Lynx sends list of links from the content of a web page to standard output. Grep looks only for lines starting with "http:", sends the result further again to grep that picks lines not starting with "http://compmiscellanea.com" and "http://www.compmiscellanea.com" (external links of the web page) out of it, sort sorts them and uniq deletes duplicate entries. The output is saved to a file:

lynx -dump -listonly "elinks.htm" | grep -o "http:.*" | grep -E -v "http://compmiscellanea.com|http://www.compmiscellanea.com" | sort | uniq > file.txt

Dealing with internal links

Count number of internal links

Lynx sends list of links from the content of a web page to standard output. Grep looks only for lines starting with "http://compmiscellanea.com" and "http://www.compmiscellanea.com" (internal links), wc counts the number of links extracted and displays it:

lynx -dump -listonly "elinks.htm" | grep -E -o "http://compmiscellanea.com.*|http://www.compmiscellanea.com.*" | wc -l

Find internal links and save them to a file

Lynx sends list of links from the content of a web page to standard output. Grep looks only for lines starting with "http://compmiscellanea.com" and "http://www.compmiscellanea.com" (internal links) and saves them to a file:

lynx -dump -listonly "elinks.htm" | grep -E -o "http://compmiscellanea.com.*|http://www.compmiscellanea.com.*" > file.txt

Find internal links, omit duplicate entries and save the output to a file

Lynx sends list of links from the content of a web page to standard output. Grep looks only for lines starting with "http://compmiscellanea.com" and "http://www.compmiscellanea.com" (internal links), sort sorts them and uniq deletes duplicate entries.
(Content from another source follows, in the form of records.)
(* Let $\bar A_t=\frac1{t+1}\sum_{k=0}^tr_k$ be the running average of the observed rewards, $\hat V_t=\bar A_t/(1-\gamma)$, and $\bar V=\pi^TV$ the mean of the true value function. Let $t_0$ be the largest integer satisfying $t_0\le2\tau^{\rm mix}\big(\frac1{2(t_0+1)}\big)$. Then for all $t>t_0$, $$E\big[(\hat V_t-\bar V)^2\big]\le O\!\left(\frac{r_{\max}^2\,\tau^{\rm mix}\big(\frac1{2(t+1)}\big)}{(1-\gamma)^2\,t}\right),$$ where the implied constant is absolute.
   Context: Setting: finite state space $\mathcal S=[n]$, finite action set, fixed policy $\mu$ inducing an irreducible aperiodic transition matrix $P$ with stationary distribution $\pi$; rewards deterministic with $|r(s,a,s')|\le r_{\max}$; discount $\gamma\in(0,1)$. The true value function $V\in\mathbb{R}^n$ is $V(s)=E_{\mu,s}[\sum_{t\ge0}\gamma^tr_{t+1}]$, equivalently $V=(I-\gamma P)^{-1}R$ with $R(s)=\sum_{s'}\sum_a\mu(s,a)P(s'|s,a)r(s,a,s')$. Mixing: there are $m>0$, $\rho\in(0,1)$ with $\sup_sd_{TV}(P^t(s,\cdot),\pi)\le m\rho^t$ for all $t\ge0$; $\tau^{\rm mix}(\epsilon)=\min\{t\in\mathbb N,t\ge1:m\rho^t\le\epsilon\}$. Observations: a single trajectory with $s_0\sim\pi$, $a_t\sim\mu(s_t,\cdot)$, $s_{t+1}$ from the MDP transition, $r_t=r(s_t,a_t,s_{t+1})$. *)

theory Defs
  imports "HOL-Analysis.Analysis"
begin

(* States are {..<n} (i.e. [n] shifted to start at 0), actions are {..<na}.
   All functions are only meaningful on these index ranges. *)

definition stoch_policy :: "nat \<Rightarrow> nat \<Rightarrow> (nat \<Rightarrow> nat \<Rightarrow> real) \<Rightarrow> bool" where
  "stoch_policy n na \<mu> \<longleftrightarrow>
     (\<forall>s<n. (\<forall>a<na. \<mu> s a \<ge> 0) \<and> (\<Sum>a<na. \<mu> s a) = 1)"

definition trans_kernel :: "nat \<Rightarrow> nat \<Rightarrow> (nat \<Rightarrow> nat \<Rightarrow> nat \<Rightarrow> real) \<Rightarrow> bool" where
  "trans_kernel n na Pk \<longleftrightarrow>
     (\<forall>s<n. \<forall>a<na. (\<forall>s'<n. Pk s a s' \<ge> 0) \<and> (\<Sum>s'<n. Pk s a s') = 1)"

definition induced_P :: "nat \<Rightarrow> (nat \<Rightarrow> nat \<Rightarrow> real) \<Rightarrow> (nat \<Rightarrow> nat \<Rightarrow> nat \<Rightarrow> real) \<Rightarrow> nat \<Rightarrow> nat \<Rightarrow> real" where
  "induced_P na \<mu> Pk s s' = (\<Sum>a<na. \<mu> s a * Pk s a s')"
section \<open>Edges of the cut polytope\<close>

lemma walk_in_crosses_delta:
  assumes "walk_in E A u w xs" "u \<in> X" "w \<notin> X"
  obtains a b where "{a, b} \<in> delta E X" "a \<in> A" "b \<in> A" "a \<in> X" "b \<notin> X"
proof -
  obtain a b where ab: "{a, b} \<in> E" "a \<in> A" "b \<in> A" "a \<in> X" "b \<notin> X"
    using walk_in_crosses[OF assms] by blast
  then have "{a, b} \<in> delta E X"
    by (subst doubleton_in_delta_iff) auto
  with ab show ?thesis
    using that by blast
qed

lemma delta_nonempty:
  assumes "connected_in E V" "u \<in> V" "u \<in> U" "w \<in> V" "w \<notin> U"
  shows "delta E U \<noteq> {}"
proof -
  obtain xs where "walk_in E V u w xs"
    using assms(1,2,4) unfolding connected_in_def by blast
  then show ?thesis
    using assms(3,5) by (metis walk_in_crosses_delta empty_iff)
qed

lemma connected_in_subset_or_disjoint:
  assumes "connected_in E Z" "Z \<subseteq> U \<or> Z \<inter> U = {}" "delta E X \<subseteq> delta E U"
  shows "Z \<subseteq> X \<or> Z \<inter> X = {}"
proof (rule ccontr)
  assume "\<not> (Z \<subseteq> X \<or> Z \<inter> X = {})"
  then obtain u w where "u \<in> Z" "u \<in> X" "w \<in> Z" "w \<notin> X"
    by blast
  then obtain xs where "walk_in E Z u w xs"
    using assms(1) unfolding connected_in_def by blast
  then obtain a b where "{a, b} \<in> delta E X" "a \<in> Z" "b \<in> Z" "a \<in> X" "b \<notin> X"
    using \<open>u \<in> X\<close> \<open>w \<notin> X\<close> by (rule walk_in_crosses_delta)
  then have "{a, b} \<in> delta E U" "a \<noteq> b"
    using assms(3) by auto
  then show False
    using assms(2) \<open>a \<in> Z\<close> \<open>b \<in> Z\<close> by (auto simp: doubleton_in_delta_iff)
qed

text \<open>\<open>X\<close> separates neither of the connected sides \<open>U\<close> and \<open>V - U\<close>.\<close>

lemma delta_subset_delta_bond_shore:
  assumes g: "graph V E" and U: "bond_shore E V U" and X: "X \<subseteq> V" "delta E X \<subseteq> delta E U"
  shows "delta E X = {} \<or> delta E X = delta E U"
proof -
  have "U \<subseteq> X \<or> U \<inter> X = {}" "V - U \<subseteq> X \<or> (V - U) \<inter> X = {}"
    using U connected_in_subset_or_disjoint[OF _ _ X(2)] unfolding bond_shore_def by auto
  then have "X = {} \<or> X = U \<or> X = V - U \<or> X = V"
    using U X(1) unfolding bond_shore_def by blast
  then show ?thesis
    using delta_vertex_set[OF g] delta_complement[OF g, of U] by auto
qed

lemma cut_vecs_agreeing_outside_bond:
  assumes g: "graph V E" and S: "S \<subseteq> V" and U: "bond_shore E V U"
  shows "{a \<in> cut_vecs V E. \<forall>e\<in>- delta E U. a$e = cut_vec E S $ e}
    = {cut_vec E S, cut_vec E (sym_diff S U)}"
proof -
  have U_sub: "U \<subseteq> V"
    using U unfolding bond_shore_def by auto
  show ?thesis
  proof (intro equalityI subsetI)
    fix a assume "a \<in> {a \<in> cut_vecs V E. \<forall>e\<in>- delta E U. a$e = cut_vec E S $ e}"
    then obtain R where R: "R \<subseteq> V" "a = cut_vec E R"
      and agree: "\<forall>e\<in>- delta E U. cut_vec E R $ e = cut_vec E S $ e"
      unfolding cut_vecs_def by blast
    have "delta E (sym_diff S R) \<subseteq> delta E U"
    proof
      fix e assume e: "e \<in> delta E (sym_diff S R)"
      show "e \<in> delta E U"
      proof (rule ccontr)
        assume "e \<notin> delta E U"
        then have "cut_vec E R $ e = cut_vec E S $ e"
          using agree by blast
        moreover have "e \<in> sym_diff (delta E S) (delta E R)"
          using e unfolding delta_sym_diff[OF g] .
        ultimately show False
          by (auto simp: cut_vec_nth)
      qed
    qed
    moreover have "sym_diff S R \<subseteq> V"
      using S R(1) by blast
    ultimately have "delta E (sym_diff S R) = {} \<or> delta E (sym_diff S R) = delta E U"
      using delta_subset_delta_bond_shore[OF g U] by blast
    moreover have "R = sym_diff S (sym_diff S R)"
      by blast
    then have "delta E R = sym_diff (delta E S) (delta E (sym_diff S R))"
      using delta_sym_diff[OF g] by metis
    ultimately have "delta E R = delta E S \<or> delta E R = delta E (sym_diff S U)"
      using delta_sym_diff[OF g, of S U] by auto
    then show "a \<in> {cut_vec E S, cut_vec E (sym_diff S U)}"
      using R(2) cut_vec_eq_iff by blast
  next
    fix a assume "a \<in> {cut_vec E S, cut_vec E (sym_diff S U)}"
    moreover have "sym_diff S U \<subseteq> V"
      using S U_sub by blast
    moreover have "cut_vec E (sym_diff S U) $ e = cut_vec E S $ e" if "e \<notin> delta E U" for e
      using that by (auto simp: delta_sym_diff[OF g] cut_vec_nth)
    ultimately show "a \<in> {a \<in> cut_vecs V E. \<forall>e\<in>- delta E U. a$e = cut_vec E S $ e}"
      using S unfolding cut_vecs_def by auto
  qed
qed
lemma DERIV_symbol_error_rate:
  fixes s :: "nat \<Rightarrow> 'a::euclidean_space"
  assumes f_nonneg: "\<And>\<sigma>. 0 \<le> f \<sigma>" and f_int: "integrable lborel f"
    and \<Omega>_meas: "\<And>k. k < M \<Longrightarrow> \<Omega> k \<in> sets lborel" and q: "0 < q"
  defines "A \<equiv> \<lambda>k. {y. s k + y \<in> \<Omega> k}"
  shows "(symbol_error_rate (sirp_density f) M prior s \<Omega> has_real_derivative
      - (\<Sum>k<M. prior k * scale_mixture f 1 (gauss_mass' (A k)) q)) (at q)"
    and "(deriv (symbol_error_rate (sirp_density f) M prior s \<Omega>) has_real_derivative
      - (\<Sum>k<M. prior k * scale_mixture f 2 (gauss_mass'' (A k)) q)) (at q)"
proof -
  have A_meas: "A k \<in> sets lborel" if "k < M" for k
    unfolding A_def by (rule sets_lborel_translate[OF \<Omega>_meas[OF that]])
  have eq: "symbol_error_rate (sirp_density f) M prior s \<Omega> t
      = (\<Sum>k<M. prior k * (1 - scale_mixture f 0 (gauss_mass (A k)) t))" if "0 < t" for t
    unfolding symbol_error_rate_def A_def
    by (intro sum.cong refl) (simp add: set_integral_sirp_density_region[OF \<Omega>_meas f_nonneg f_int that])
  have D1: "(symbol_error_rate (sirp_density f) M prior s \<Omega> has_real_derivative
      - (\<Sum>k<M. prior k * scale_mixture f 1 (gauss_mass' (A k)) t)) (at t)" if t: "0 < t" for t
  proof (rule has_field_derivative_transform_within_open[where S = "{0<..}"])
    show "((\<lambda>t. \<Sum>k<M. prior k * (1 - scale_mixture f 0 (gauss_mass (A k)) t)) has_real_derivative
        - (\<Sum>k<M. prior k * scale_mixture f 1 (gauss_mass' (A k)) t)) (at t)"
      by (auto intro!: derivative_eq_intros DERIV_scale_mixture_gauss_mass(1)[OF A_meas f_nonneg f_int t]
          simp: sum_negf mult.commute)
  qed (use t eq in auto)
  show "(symbol_error_rate (sirp_density f) M prior s \<Omega> has_real_derivative
      - (\<Sum>k<M. prior k * scale_mixture f 1 (gauss_mass' (A k)) q)) (at q)"
    by (rule D1[OF q])
  show "(deriv (symbol_error_rate (sirp_density f) M prior s \<Omega>) has_real_derivative
      - (\<Sum>k<M. prior k * scale_mixture f 2 (gauss_mass'' (A k)) q)) (at q)"
  proof (rule has_field_derivative_transform_within_open[where S = "{0<..}"])
    show "((\<lambda>t. - (\<Sum>k<M. prior k * scale_mixture f 1 (gauss_mass' (A k)) t)) has_real_derivative
        - (\<Sum>k<M. prior k * scale_mixture f 2 (gauss_mass'' (A k)) q)) (at q)"
      by (intro DERIV_minus DERIV_sum DERIV_cmult DERIV_scale_mixture_gauss_mass(2)[OF A_meas f_nonneg f_int q])
        simp
  qed (use q DERIV_imp_deriv[OF D1] in auto)
qed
The output is saved to a file:

lynx -dump -listonly "elinks.htm" | grep -E -o "http://compmiscellanea.com.*|http://www.compmiscellanea.com.*" | sort | uniq > file.txt

The reason behind using "lynx -dump -listonly" instead of just "lynx -dump" is that there may be web pages with plain text strings looking like links (containing "http://" for instance) in the text of the content, as it is the case with http://www.kompx.com/en/elinks.htm page. "Lynx -dump" would send to output formatted text where real links and plain text links like strings would look just the same and grep would not be able to discern one from another. "Lynx -dump -listonly" gives only a list of links, so that there is no confusion with plain text links looking strings.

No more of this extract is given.